OKLAHOMA CITY — After a review of an investigative audit and a ruling by the State Board of Education (SDE), Epic Charter Schools has agreed to repay upwards of $9.1 million to the state.
The investigative audit revealed that Epic Charter Schools and its hired management company owners, Ben Harris and David Chaney, were taking 10 percent of every dollar Epic received to provide administration and management to the school. Their 10 percent fee exceeds the 5 percent administrative cap in state law.
“I want to commend SDE for its work to determine Epic’s administrative costs,” said State Auditor & Inspector Cindy Byrd.
Byrd continues to state that Epic Charter Schools is still a public school district and is funded 100 percent by taxpayers. She said her office's duty is to make sure those funds are being spent properly and today's decision confirms that Epic and its previous leadership "abused millions of taxpayer dollars."
From day one, Byrd says she continually asked what services Epic's management company (EMO) provided in exchange for the 10 percent fee.
“They used state employees and state resources to do their company’s administrative work for the school. Where did the money go?” Byrd says of her investigation.
Until 2019, David Chaney was both Superintendent and 50% owner of the EMO. He also had the authority to submit false information to SDE.
When SAI reported about the company filing falsified invoices and personnel reports, the company claimed it would hire an internal auditor to reassess its administrative costs.
Byrd claims that the 'internal auditor' Epic claimed to hire turned out to be a relative of the company's CFO, Josh Brock.

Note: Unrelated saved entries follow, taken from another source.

lemma measure_mutate_count_Suc:
  fixes p :: real
  assumes "0 \<le> p" "p \<le> 1"
  shows "count_list x (\<not> v) * p * (1 - p) ^ (length x - 1)
    \<le> measure_pmf.prob (mutate p x) {r. count_list r v = count_list x v + 1}"
proof (induction x)
  case (Cons b bs)
  let ?prob = "measure_pmf.prob (mutate p bs)"
  have keep: "(1 - p) * (count_list bs (\<not> v) * p * (1 - p) ^ (length bs - 1))
      \<le> (1 - p) * ?prob {r. count_list r v = count_list bs v + 1}"
    using Cons assms by (intro mult_left_mono) auto
  have flip: "(if b = (\<not> v) then p * (1 - p) ^ length bs else 0)
      \<le> p * ?prob {r. count_list ((\<not> b) # r) v = count_list (b # bs) v + 1}"
    using assms measure_mutate_count_unchanged[OF assms, of bs v]
    by (auto intro: mult_left_mono)
  have "count_list bs (\<not> v) * p * (1 - p) ^ length bs
      = (1 - p) * (count_list bs (\<not> v) * p * (1 - p) ^ (length bs - 1))"
    by (cases "length bs") auto
  moreover have "count_list (b # bs) (\<not> v) * p * (1 - p) ^ (length (b # bs) - 1)
      = count_list bs (\<not> v) * p * (1 - p) ^ length bs
        + (if b = (\<not> v) then p * (1 - p) ^ length bs else 0)"
    by (simp add: algebra_simps)
  ultimately have "count_list (b # bs) (\<not> v) * p * (1 - p) ^ (length (b # bs) - 1)
      \<le> (1 - p) * ?prob {r. count_list r v = count_list bs v + 1}
        + p * ?prob {r. count_list ((\<not> b) # r) v = count_list (b # bs) v + 1}"
    using keep flip by linarith
  also have "\<dots> = measure_pmf.prob (mutate p (b # bs)) {r. count_list r v = count_list (b # bs) v + 1}"
    using assms by (subst measure_mutate_Cons[OF assms]) simp
  finally show ?case .
qed simp
(* Let $\varepsilon>0$, $k\in\mathbb N$ with $k\ge1$, and $0<r_{\max}<\infty$. Then the mechanism $r\mapsto\mathrm{ScalarDP}(r,\varepsilon;k,r_{\max})$ (on inputs $r\ge0$) is $\varepsilon$-locally differentially private, and for $Z=\mathrm{ScalarDP}(r,\varepsilon;k,r_{\max})$ with $0\le r\le r_{\max}$ we have $\mathbb E[Z]=r$ and \[ \mathbb E[(Z-r)^2]\le \frac{k+1}{e^\varepsilon-1}\Big[r^2+\frac{r_{\max}^2}{4k^2}+\frac{(2k+1)(e^\varepsilon+k)\,r_{\max}^2}{6k(e^\varepsilon-1)}\Big]+\frac{r_{\max}^2}{4k^2}. \]
   Context: $\mathrm{ScalarDP}(r,\varepsilon;k,r_{\max})$: set $r\leftarrow\min\{r,r_{\max}\}$ and $x=kr/r_{\max}$. Sample $J=\lfloor x\rfloor$ with probability $\lceil x\rceil-x$ and $J=\lceil x\rceil$ otherwise (so $J\in\{0,\dots,k\}$). Randomized response: given $J=i$, set $\widehat J=i$ with probability $\frac{e^\varepsilon}{e^\varepsilon+k}$ and otherwise $\widehat J$ uniform on $\{0,\dots,k\}\setminus\{i\}$. Output $Z=a(\widehat J-b)$ with $a=\frac{e^\varepsilon+k}{e^\varepsilon-1}\cdot\frac{r_{\max}}k$ and $b=\frac{k(k+1)}{2(e^\varepsilon+k)}$. A mechanism $M$ is $\varepsilon$-locally differentially private if $\mathbb P(M(r)\in S)\le e^{\varepsilon}\mathbb P(M(r')\in S)$ for all inputs $r,r'$ and sets $S$. *)

theory Defs
  imports "HOL-Probability.Probability"
begin
lemma Zop_zero: "Z B 0 = 0"
  by (rule poly_eqI) (simp add: coeff_Zop Dop_zero cong: if_cong)

lemma Zop_monom_scalar_mult: "Z B (monom (scalar c) m * P) = monom (scalar c) m * Z B P"
proof (rule poly_eqI)
  fix t
  show "coeff (Z B (monom (scalar c) m * P)) t = coeff (monom (scalar c) m * Z B P) t"
  proof (cases "t < m")
    case True
    then show ?thesis unfolding coeff_Zop coeff_monom_mult
      by (auto simp: Dop_zero intro!: sum.neutral cong: if_cong)
  next
    case False
    then show ?thesis unfolding coeff_Zop coeff_monom_mult
      by (auto simp: Dop_scalar_mult Dop_zero sum_distrib_left diff_diff_add add.commute
          intro!: sum.cong cong: if_cong)
  qed
qed

lemma Zop_smult_scalar: "Z B (smult (scalar c) P) = smult (scalar c) (Z B P)"
  using Zop_monom_scalar_mult[of B c 0 P]
  by (metis monom_0 pCons_0_0 mult_pCons_left mult_zero_left add_0_right)

lemma coeffs_weight_le_Zop: "coeffs_weight_le W P \<Longrightarrow> coeffs_weight_le (W - 1) (Z B P)"
  unfolding coeffs_weight_le_def coeff_Zop
proof (intro allI weight_le_sum)
  fix t n assume P: "\<forall>t. weight_le W (coeff P t)" and n: "n \<in> {1..B}"
  show "weight_le (W - 1) (if n \<le> t then D n (coeff P (t - n)) else 0)"
    using weight_le_Dop[OF P[rule_format, of "t - n"], where n=n and q=q and qh=qh and l=l and A=A
        and s=s and a=a] n
    by (auto intro: weight_le_mono)
qed

lemma Zop_eq_0_of_weight_0: "coeffs_weight_le 0 P \<Longrightarrow> Z B P = 0"
proof (rule poly_eqI)
  fix t assume "coeffs_weight_le 0 P"
  then have "D n (coeff P (t - n)) = 0" if "n \<in> {1..B}" for n
    using that by (intro Dop_eq_0_of_weight_le[of 0]) (auto simp: coeffs_weight_le_def)
  then show "coeff (Z B P) t = coeff 0 t"
    unfolding coeff_Zop by (simp cong: if_cong)
qed

lemma Zop_cutoff: "coeffs_weight_le W P \<Longrightarrow> W \<le> B \<Longrightarrow> Z B P = Z W P"
proof (rule poly_eqI)
  fix t assume P: "coeffs_weight_le W P" and "W \<le> B"
  have "(\<Sum>n\<in>{1..B}. if n \<le> t then D n (coeff P (t - n)) else 0) =
        (\<Sum>n\<in>{1..W}. if n \<le> t then D n (coeff P (t - n)) else 0)"
  proof (rule sum.mono_neutral_right)
    show "\<forall>n\<in>{1..B} - {1..W}. (if n \<le> t then D n (coeff P (t - n)) else 0) = 0"
      using P by (auto simp: coeffs_weight_le_def intro!: Dop_eq_0_of_weight_le[of W])
  qed (use \<open>W \<le> B\<close> in auto)
  then show "coeff (Z B P) t = coeff (Z W P) t"
    unfolding coeff_Zop .
qed
(* For monomial ideals $J\subset I\subset S_f$, with $t$ a new variable, $\operatorname{sdepth}(I/J)[t]=\operatorname{sdepth}(I/J)[t,t^{-1}]=\operatorname{sdepth}(I/J)+1$. Consequently, for new variables $t_1,\ldots,t_r$, $\operatorname{sdepth}(I/J)[t_1^{\pm1},\ldots,t_r^{\pm1}]=\operatorname{sdepth}(I/J)+r$.
   Context: Let $K$ be a field, $S=K[x_1,\ldots,x_n]$, $A\subset\{1,\ldots,n\}$, $f=\prod_{j\in A}x_j$, and $S_f=K[x_1,\ldots,x_n,x_j^{-1}: j\in A]$. A monomial ideal of $S_f$ is an ideal generated by monomials $x_1^{a_1}\cdots x_n^{a_n}$ with $a_j\in\mathbb{Z}$ for $j\in A$ and $a_j\geq 0$ for $j\notin A$. For monomial ideals $J\subset I\subset S_f$, a Stanley space of $I/J$ is a free $K[Z]$-submodule $uK[Z]$ of $I/J$, where $u$ is a monomial in $I\setminus J$ and $Z\subset\{x_1,\ldots,x_n\}\cup\{x_j^{-1}: j\in A\}$ with $\{x_j,x_j^{-1}\}\not\subseteq Z$ for all $j\in A$; its dimension is $|Z|$. A Stanley decomposition of $I/J$ is a finite direct sum of Stanley spaces $I/J=\bigoplus_{i=1}^r u_iK[Z_i]$; its Stanley depth is $\min_i|Z_i|$, and $\operatorname{sdepth}(I/J)$ is the maximum of this over all Stanley decompositions. The same definitions are used for $(I/J)[t]$ and $(I/J)[t,t^{-1}]$, viewed as quotients of monomial ideals in the (localized) polynomial ring with the extra variable $t$ (resp. $t$ inverted), and likewise with several extra variables $t_1,\ldots,t_r$ all inverted. *)

theory Defs
  imports Main
begin

text \<open>Monomials of S_f = K[x_0..x_{n-1}, x_j^{-1} : j in A] are identified with their
exponent vectors a :: nat => int, supported on {..<n}, with a i >= 0 for i not in A.
Since monomial ideals and Stanley decompositions of I/J are determined by the sets of
monomials involved, I/J is encoded by the monomial sets of I and J.\<close>

definition mons :: "nat \<Rightarrow> nat set \<Rightarrow> (nat \<Rightarrow> int) set" where
  "mons n A = {a. (\<forall>i. n \<le> i \<longrightarrow> a i = 0) \<and> (\<forall>i<n. i \<notin> A \<longrightarrow> 0 \<le> a i)}"

definition unitv :: "nat \<Rightarrow> nat \<Rightarrow> int" where
  "unitv i = (\<lambda>k. if k = i then 1 else 0)"

definition monomial_ideal :: "nat \<Rightarrow> nat set \<Rightarrow> (nat \<Rightarrow> int) set \<Rightarrow> bool" where
  "monomial_ideal n A I \<longleftrightarrow> I \<subseteq> mons n A \<and>
     (\<forall>a\<in>I. \<forall>i<n. (\<lambda>k. a k + unitv i k) \<in> I) \<and> (\<forall>a\<in>I. \<forall>j\<in>A. (\<lambda>k. a k - unitv j k) \<in> I)"

text \<open>A Stanley space u K[Z] is encoded by a triple (u, Zp, Zn): Zp = {i. x_i in Z},
Zn = {j. x_j^{-1} in Z}. Its monomials are u * m, m a monomial of K[Z].\<close>
definition space :: "(nat \<Rightarrow> int) \<times> nat set \<times> nat set \<Rightarrow> (nat \<Rightarrow> int) set" where
  "space s = (case s of (u, Zp, Zn) \<Rightarrow>
     {(\<lambda>k. u k + b k) | b. (\<forall>i. i \<notin> Zp \<union> Zn \<longrightarrow> b i = 0) \<and> (\<forall>i\<in>Zp. 0 \<le> b i) \<and> (\<forall>i\<in>Zn. b i \<le> 0)})"

definition sdim :: "(nat \<Rightarrow> int) \<times> nat set \<times> nat set \<Rightarrow> nat" where
  "sdim s = (case s of (u, Zp, Zn) \<Rightarrow> card Zp + card Zn)"

definition stanley_space :: "nat \<Rightarrow> nat set \<Rightarrow> (nat \<Rightarrow> int) set \<Rightarrow> (nat \<Rightarrow> int) set
    \<Rightarrow> (nat \<Rightarrow> int) \<times> nat set \<times> nat set \<Rightarrow> bool" where
  "stanley_space n A I J s = (case s of (u, Zp, Zn) \<Rightarrow>
     Zp \<subseteq> {..<n} \<and> Zn \<subseteq> A \<and> Zp \<inter> Zn = {} \<and> u \<in> I - J \<and> space s \<subseteq> I - J)"

definition stanley_decomp :: "nat \<Rightarrow> nat set \<Rightarrow> (nat \<Rightarrow> int) set \<Rightarrow> (nat \<Rightarrow> int) set
    \<Rightarrow> ((nat \<Rightarrow> int) \<times> nat set \<times> nat set) set \<Rightarrow> bool" where
  "stanley_decomp n A I J D \<longleftrightarrow> finite D \<and> (\<forall>s\<in>D. stanley_space n A I J s) \<and>
     (\<forall>s\<in>D. \<forall>s'\<in>D. s \<noteq> s' \<longrightarrow> space s \<inter> space s' = {}) \<and>
     (\<Union>s\<in>D. space s) = I - J"

definition sdepth :: "nat \<Rightarrow> nat set \<Rightarrow> (nat \<Rightarrow> int) set \<Rightarrow> (nat \<Rightarrow> int) set \<Rightarrow> nat" where
  "sdepth n A I J = Max {Min (sdim ` D) | D. stanley_decomp n A I J D}"

text \<open>(I)[t] with t = x_n a new (non-inverted) variable.\<close>
definition ext_poly :: "nat \<Rightarrow> (nat \<Rightarrow> int) set \<Rightarrow> (nat \<Rightarrow> int) set" where
  "ext_poly n I = {a. (\<lambda>i. if i = n then 0 else a i) \<in> I \<and> 0 \<le> a n \<and> (\<forall>i>n. a i = 0)}"

text \<open>(I)[t_1^{+-1},...,t_r^{+-1}] with t_k = x_{n+k-1} inverted new variables.\<close>
definition ext_laurent :: "nat \<Rightarrow> nat \<Rightarrow> (nat \<Rightarrow> int) set \<Rightarrow> (nat \<Rightarrow> int) set" where
  "ext_laurent n r I = {a. (\<lambda>i. if i < n then a i else 0) \<in> I \<and> (\<forall>i. n + r \<le> i \<longrightarrow> a i = 0)}"

end

(*
  A Stanley decomposition of I/J yields one of (I/J)[t] by replacing each Stanley space u K[Z]
  with u K[Z, t], and one of (I/J)[t, t^-1] by splitting u K[Z][t, t^-1] into
  u K[Z, t] + u t^-1 K[Z, t^-1]; every dimension grows by one. Conversely, the Stanley spaces of
  a decomposition of the extension that meet the hyperplane of t-degree 0 cut out a
  decomposition of I/J, each losing at most one dimension. Hence the Stanley depth grows by
  exactly one, and the statement for t_1, ..., t_r follows by induction on r.
  Stanley decompositions exist at all because, by Dickson's lemma, membership in a monomial
  ideal is decided by the exponents capped at a fixed bound, and the fibres of this capping are
  Stanley spaces.
*)

theory Submission
  imports Defs
begin
lemma T2term_bound:
  assumes "0 < \<eta>" and K: "regular_family K" and size: "msize \<alpha> + msize \<beta> + msize \<sigma> \<le> 10"
  shows "T2term \<delta> K \<alpha> \<beta> \<sigma> T \<le> ennreal \<eta> * wL2sq \<delta> K \<alpha> \<beta> \<sigma> T
    + ennreal (lower_order_constant \<eta>) * (\<Sum>(\<beta>', \<sigma>') \<in> lower_pairs \<beta> \<sigma>. wL2sq \<delta> K \<alpha> \<beta>' \<sigma>' T)"
proof -
  define M where "M = {\<beta> :: mindex. msize \<beta> \<le> 10}"
  define e where "e = \<eta> / card (M \<times> M)"
  have N: "0 < card (M \<times> M)"
    using card_small_mindex_pairs_pos by (simp add: M_def)
  have e: "0 < e" and C: "1 / e = lower_order_constant \<eta>"
    using \<open>0 < \<eta>\<close> N by (simp_all add: e_def lower_order_constant_def M_def)
  have "lower_pairs \<beta> \<sigma> \<subseteq> M \<times> M"
    using size by (auto simp: lower_pairs_def M_def)
  then have "card (lower_pairs \<beta> \<sigma>) \<le> card (M \<times> M)"
    by (intro card_mono) (simp_all add: M_def finite_msize_le)
  then have "real (card (lower_pairs \<beta> \<sigma>)) * e \<le> \<eta>"
    using e N by (simp add: e_def field_simps)
  then have "ennreal (real (card (lower_pairs \<beta> \<sigma>)) * e) * wL2sq \<delta> K \<alpha> \<beta> \<sigma> T
      \<le> ennreal \<eta> * wL2sq \<delta> K \<alpha> \<beta> \<sigma> T"
    by (intro mult_right_mono ennreal_leI) simp_all
  then show ?thesis
    using T2term_le[OF K e, of \<delta> \<alpha> \<beta> \<sigma> T] unfolding C by (meson add_right_mono order_trans)
qed

lemma T2term_gfun_bound:
  assumes "0 < \<eta>" and boot: "bootstrap_setting d0 \<gamma> \<delta> \<epsilon> Tb fini f"
    and size: "msize \<alpha> + msize \<beta> + msize \<sigma> \<le> 10" and T: "0 \<le> T" "T < Tb"
  shows "T2term \<delta> (gfun d0 \<delta> f) \<alpha> \<beta> \<sigma> T \<le> ennreal \<eta> * wL2sq \<delta> (gfun d0 \<delta> f) \<alpha> \<beta> \<sigma> T
    + ennreal (lower_order_constant \<eta>) *
      (\<Sum>(\<beta>', \<sigma>') \<in> lower_pairs \<beta> \<sigma>. wL2sq \<delta> (gfun d0 \<delta> f) \<alpha> \<beta>' \<sigma>' T)"
proof -
  define K where "K t x v = (if 0 \<le> t \<and> t < Tb then gfun d0 \<delta> f t x v else 0)" for t x v
  have "regular_family K"
    using boot unfolding K_def bootstrap_setting_def by (blast intro: landau_solution_regular_extension)
  moreover have "gfun d0 \<delta> f t = K t" if "t \<in> {0..T}" for t
    using that T by (auto simp: K_def fun_eq_iff)
  then have "T2term \<delta> (gfun d0 \<delta> f) \<alpha>' \<beta>' \<sigma>' T = T2term \<delta> K \<alpha>' \<beta>' \<sigma>' T"
    "wL2sq \<delta> (gfun d0 \<delta> f) \<alpha>' \<beta>' \<sigma>' T = wL2sq \<delta> K \<alpha>' \<beta>' \<sigma>' T" for \<alpha>' \<beta>' \<sigma>'
    unfolding T2term_def wL2sq_def by (auto intro!: sum.cong nn_integral_cong simp: indicator_def)
  ultimately show ?thesis
    using T2term_bound[OF \<open>0 < \<eta>\<close> _ size] by simp
qed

She questions why the new board of Epic now has to pay the price of its former EMO.
“Who is protecting the school and its students?" asks Byrd. "The new board at Epic Charter Schools has taken great steps toward transparency and has been very cooperative in providing SAI needed documentation; now they are under attack.”
Byrd hopes to get answers to her questions as State and Federal investigations progress.
“Almost 14 months ago, I provided documentation to the Attorney General’s office that proved the company submitted false invoices to siphon off millions in taxpayer dollars under false pretenses,” Byrd said. “I am still waiting for legal action to hold Harris, Chaney, and Brock accountable.”
Because of the questions concerning administrative costs within schools, lawmakers asked Governor Kevin Stitt to request a special investigative audit of SDE. That audit is currently underway, and the first phase should be released publicly in spring 2021.
Since the release of the audit, Epic Charter Schools decided to part ways with its co-founders in May 2021. According to the Oklahoman, both Harris and Chaney have filed a breach of contract lawsuit against the school district for nearly $7 million.